Droit d’auteur : le Parlement européen adopte le rapport Gallo
Le rapport sur les droits de propriété intellectuelle rédigé par l’eurodéputée française Marielle Gallo (PPE/UMP) a été adopté par le Parlement européen le 22 septembre, avec 328 voix pour, 245 contre et 80 abstentions. Le texte, débattu depuis le début de l’année, rappelle les principes de la protection de la propriété intellectuelle, souligne le poids de la création dans l’économie européenne et la « très forte augmentation du partage non autorisé de fichiers », pointe les lacunes des sanctions pénales en vigueur, appelle à un renforcement de la lutte contre la contrefaçon et préconise de nouvelles mesures dont la création, dans le cadre juridique européen, d’un droit de recours contre les personnes portant atteinte aux droits concernés. Deux motions alternatives, déposées par les groupes S&D, Verts/ALE et GUE/NGL d'une part, ADLE de l'autre, ont été rejetées.
Harmoniser les droits d’auteur et établir des licences multi territoriales
Les atteintes aux droits d'auteur sur Internet (DPI) sont un problème croissant pour l'économie et appellent une réponse européenne, notamment en supprimant les obstacles à un marché unique digital grâce à des licences de droits d'auteur paneuropéennes, estime le Parlement européen qui « ne partage pas l'avis de la Commission européenne selon laquelle le cadre d'application des mesures de droit civil est suffisamment efficace et harmonisé ».
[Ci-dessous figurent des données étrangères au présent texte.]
(* Let $g_1,\dots,g_m$ be holomorphic functions of $z=(z_1,z_2)$, where $z_1,z_2$ are complex sub-vectors, satisfying $g_j(\zeta z_1,\zeta^{-1}z_2)=g_j(z_1,z_2)$ for all $\zeta\in\mathbb C\setminus\{0\}$ and all $j$, and let $f=\sum_{j=1}^m|g_j|^2$. Then at every point $z$ the vector $\xi=\begin{pmatrix}z_1\\-z_2\end{pmatrix}$ is orthogonal (w.r.t. $\langle u,v\rangle=u^*v$) to the Wirtinger gradient $\frac{\partial f}{\partial\bar z}$ and lies in the kernel of the mixed Wirtinger Hessian $\frac{\partial^2f}{\partial\bar z\partial z}$. In particular, if $\xi\ne0$, the mixed Hessian is singular.
   Context: Wirtinger derivatives: $\frac{\partial}{\partial z}=\frac12(\frac{\partial}{\partial\mathrm{Re}\,z}-i\frac{\partial}{\partial\mathrm{Im}\,z})$, $\frac{\partial}{\partial\bar z}=\frac12(\frac{\partial}{\partial\mathrm{Re}\,z}+i\frac{\partial}{\partial\mathrm{Im}\,z})$ componentwise; for $f=\sum|g_j|^2$ one has $\frac{\partial f}{\partial\bar z}=\sum_j g_j\overline{g_j'}$ and $\frac{\partial^2 f}{\partial\bar z\partial z}=\sum_j\overline{g_j'}(g_j')^T$. *)

theory Defs
  imports "HOL-Analysis.Analysis"
begin

definition holomorphic_several :: "(complex^'n \<Rightarrow> complex) \<Rightarrow> bool" where
  "holomorphic_several g \<longleftrightarrow>
     (\<forall>z. \<exists>c::complex^'n. (g has_derivative (\<lambda>h. \<Sum>k\<in>UNIV. c $ k * h $ k)) (at z))"

definition partial_re :: "(complex^'n \<Rightarrow> complex) \<Rightarrow> 'n \<Rightarrow> complex^'n \<Rightarrow> complex" where
  "partial_re f k z = vector_derivative (\<lambda>t::real. f (z + t *\<^sub>R axis k 1)) (at 0)"

definition partial_im :: "(complex^'n \<Rightarrow> complex) \<Rightarrow> 'n \<Rightarrow> complex^'n \<Rightarrow> complex" where
  "partial_im f k z = vector_derivative (\<lambda>t::real. f (z + t *\<^sub>R axis k \<i>)) (at 0)"

definition wirt_z :: "(complex^'n \<Rightarrow> complex) \<Rightarrow> 'n \<Rightarrow> complex^'n \<Rightarrow> complex" where
  "wirt_z f k z = (partial_re f k z - \<i> * partial_im f k z) / 2"

definition wirt_zbar :: "(complex^'n \<Rightarrow> complex) \<Rightarrow> 'n \<Rightarrow> complex^'n \<Rightarrow> complex" where
  "wirt_zbar f k z = (partial_re f k z + \<i> * partial_im f k z) / 2"

definition wgrad_zbar :: "(complex^'n \<Rightarrow> complex) \<Rightarrow> complex^'n \<Rightarrow> complex^'n" where
  "wgrad_zbar f z = (\<chi> k. wirt_zbar f k z)"

definition mixed_hessian :: "(complex^'n \<Rightarrow> complex) \<Rightarrow> complex^'n \<Rightarrow> complex^'n^'n" where
  "mixed_hessian f z = (\<chi> k l. wirt_zbar (\<lambda>w. wirt_z f l w) k z)"

definition herm_inner :: "complex^'n \<Rightarrow> complex^'n \<Rightarrow> complex" where
  "herm_inner u v = (\<Sum>k\<in>UNIV. cnj (u $ k) * v $ k)"

text \<open>The coordinates in A form z_1, the remaining ones form z_2.
  Action zeta.(z1,z2) = (zeta z1, zeta^-1 z2) and the vector xi = (z1, -z2).\<close>
definition torus_act :: "'n set \<Rightarrow> complex \<Rightarrow> complex^'n \<Rightarrow> complex^'n" where
  "torus_act A \<zeta> z = (\<chi> k. if k \<in> A then \<zeta> * z $ k else z $ k / \<zeta>)"

definition xi_vec :: "'n set \<Rightarrow> complex^'n \<Rightarrow> complex^'n" where
  "xi_vec A z = (\<chi> k. if k \<in> A then z $ k else - z $ k)"

end

theory Submission
  imports Defs "HOL-Complex_Analysis.Cauchy_Integral_Formula"
begin

text \<open>Differentiating the invariance of each g_j under the torus action at zeta = 1 gives
  the Euler identity sum_k (d g_j / d z_k)(z) xi_k = 0. Since the Wirtinger gradient of f is
  sum_j g_j conj(grad g_j) and its mixed Hessian is sum_j conj(grad g_j) (grad g_j)^T, both
  pairings with xi are combinations of these vanishing sums. The analytic input is that a
  complex partial derivative of a holomorphic function is again holomorphic along every
  coordinate line, which follows from the Cauchy formula for the derivative and
  differentiation under the integral sign.\<close>

lemma axis_zero [simp]: "axis k 0 = (0::'a::zero^'n)"
  by (simp add: vec_eq_iff axis_def)

lemma bounded_linear_axis: "bounded_linear (axis i :: 'a::real_normed_vector \<Rightarrow> 'a^'n)"
proof (rule bounded_linear_intro[where K=1])
  fix x y :: 'a and r :: real
  show "axis i (x + y) = (axis i x + axis i y :: 'a^'n)" by (simp add: vec_eq_iff axis_def)
  show "axis i (r *\<^sub>R x) = (r *\<^sub>R axis i x :: 'a^'n)" by (simp add: vec_eq_iff axis_def)
  have "norm (axis i x :: 'a^'n) = norm x"
    by (simp add: norm_vec_def L2_set_def axis_def if_distrib[of "\<lambda>y. y ^ 2"] if_distrib[of norm]
        cong: if_cong)
  then show "norm (axis i x :: 'a^'n) \<le> norm x * 1" by simp
qed

lemma vec_eq_sum_axis: "(x :: 'a::real_normed_vector^'n) = (\<Sum>i\<in>UNIV. axis i (x $ i))"
  by (simp add: vec_eq_iff axis_def sum_component if_distrib cong: if_cong)

lemma has_derivative_vec_nthI:
  assumes "\<And>i. ((\<lambda>x. f x $ i) has_derivative (\<lambda>h. f' h $ i)) F"
  shows "((f :: _ \<Rightarrow> 'a::real_normed_vector^'n) has_derivative f') F"
proof -
  have "((\<lambda>x. \<Sum>i\<in>UNIV. axis i (f x $ i)) has_derivative (\<lambda>h. \<Sum>i\<in>UNIV. axis i (f' h $ i))) F"
    by (intro has_derivative_sum bounded_linear.has_derivative[OF bounded_linear_axis] assms)
  then show ?thesis by (subst (asm) (1 2) vec_eq_sum_axis[symmetric])
qed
Le Parlement invite la Commission à proposer une stratégie complète qui adapterait le cadre législatif européen en matière de DPI aux tendances actuelles de la société ainsi qu'aux évolutions techniques. « Elle est également invitée à réfléchir aux méthodes permettant de faciliter l'accès de l'industrie au marché numérique sans frontières géographiques, via des licences multi territoriales et une harmonisation de la législation en matière de droit d'auteur. Un système de licences paneuropéen donnerait aux consommateurs un accès au plus vaste choix de contenu possible et non au détriment du répertoire local européen », ajoute le Parlement dans un communiqué.
Tout en demandant la garantie et le respect du droit à la copie privée, les députés invitent en outre la Commission à poursuivre ses efforts pour faire avancer les négociations de l'accord commercial anti-contrefaçon (ACAC) en tenant compte de la position du Parlement et de s'assurer que les dispositions de l'accord respectent pleinement l'acquis communautaire en matière de droits de la propriété intellectuelle et de droits fondamentaux. Ils relèvent aussi que les données concernant les atteintes aux droits à la propriété intellectuelle sont incomplètes et insuffisantes, et souhaitent qu'une étude indépendante précède toute nouvelle proposition législative additionnelle. « Le dialogue sur de possibles solutions doit engager l'ensemble des acteurs, y compris les fournisseurs d'accès à Internet », estiment les députés.
Réactions et perspectives
Débattu depuis le début de l’année et déjà adopté en juin par la Commission juridique du Parlement européen, le texte s’est heurté à une forte opposition des socialistes, des Verts et des associations d’internautes. Ses adversaires le jugent « très répressif », « basé sur des études tendancieuses fournies par les industries du divertissement ». Ils y voient « une vision caricaturale, archaïque et violente d’Internet » et dénoncent l’amalgame fait entre la contrefaçon et le téléchargement illégal. Pour la Quadrature du Net, qui le qualifie de « coup de couteau dans le dos des citoyens », « ce rapport est une illustration de la volonté des industries culturelles d’imposer une police et justice privées du droit d’auteur » sur le Net. Avis partagée par l’eurodéputée socialiste Françoise Castex. Les industries culturelles, elles, se félicitent bien sûr du vote. « Un succès pour l’Europe de la Culture » commente Pascal Rogard (directeur général de la SACD), tandis que Franck Riester (député UMP, rapporteur à l’Assemblée des lois Hadopi 1 et 2 et membre du collège de la Hadopi) estime qu’il défend la conception de « l’Internet civilisé ».
On observera que tous, partisans ou détracteurs, assurent défendre les droits et les libertés fondamentales mais sans s’entendre sur le périmètre qu’ils recouvrent. Pour les uns, l’accès à la culture en fait partie. Pour les autres, ce sont les droits de propriété intellectuelle. Rappelons qu’il s’agit d’un rapport d’initiative, donc d’un texte non législatif qui n’a pas de valeur juridique contraignante. Mais certains y voient un signal fort envoyé par les eurodéputés et qui prépare le terrain à de nouvelles propositions législatives. Michel Barnier, Commissaire au marché intérieur, a déjà fait savoir que la Commission s’inspirerait de ce rapport dans ses propositions attendues en octobre (un « plan d’action sur la contrefaçon et le piratage »).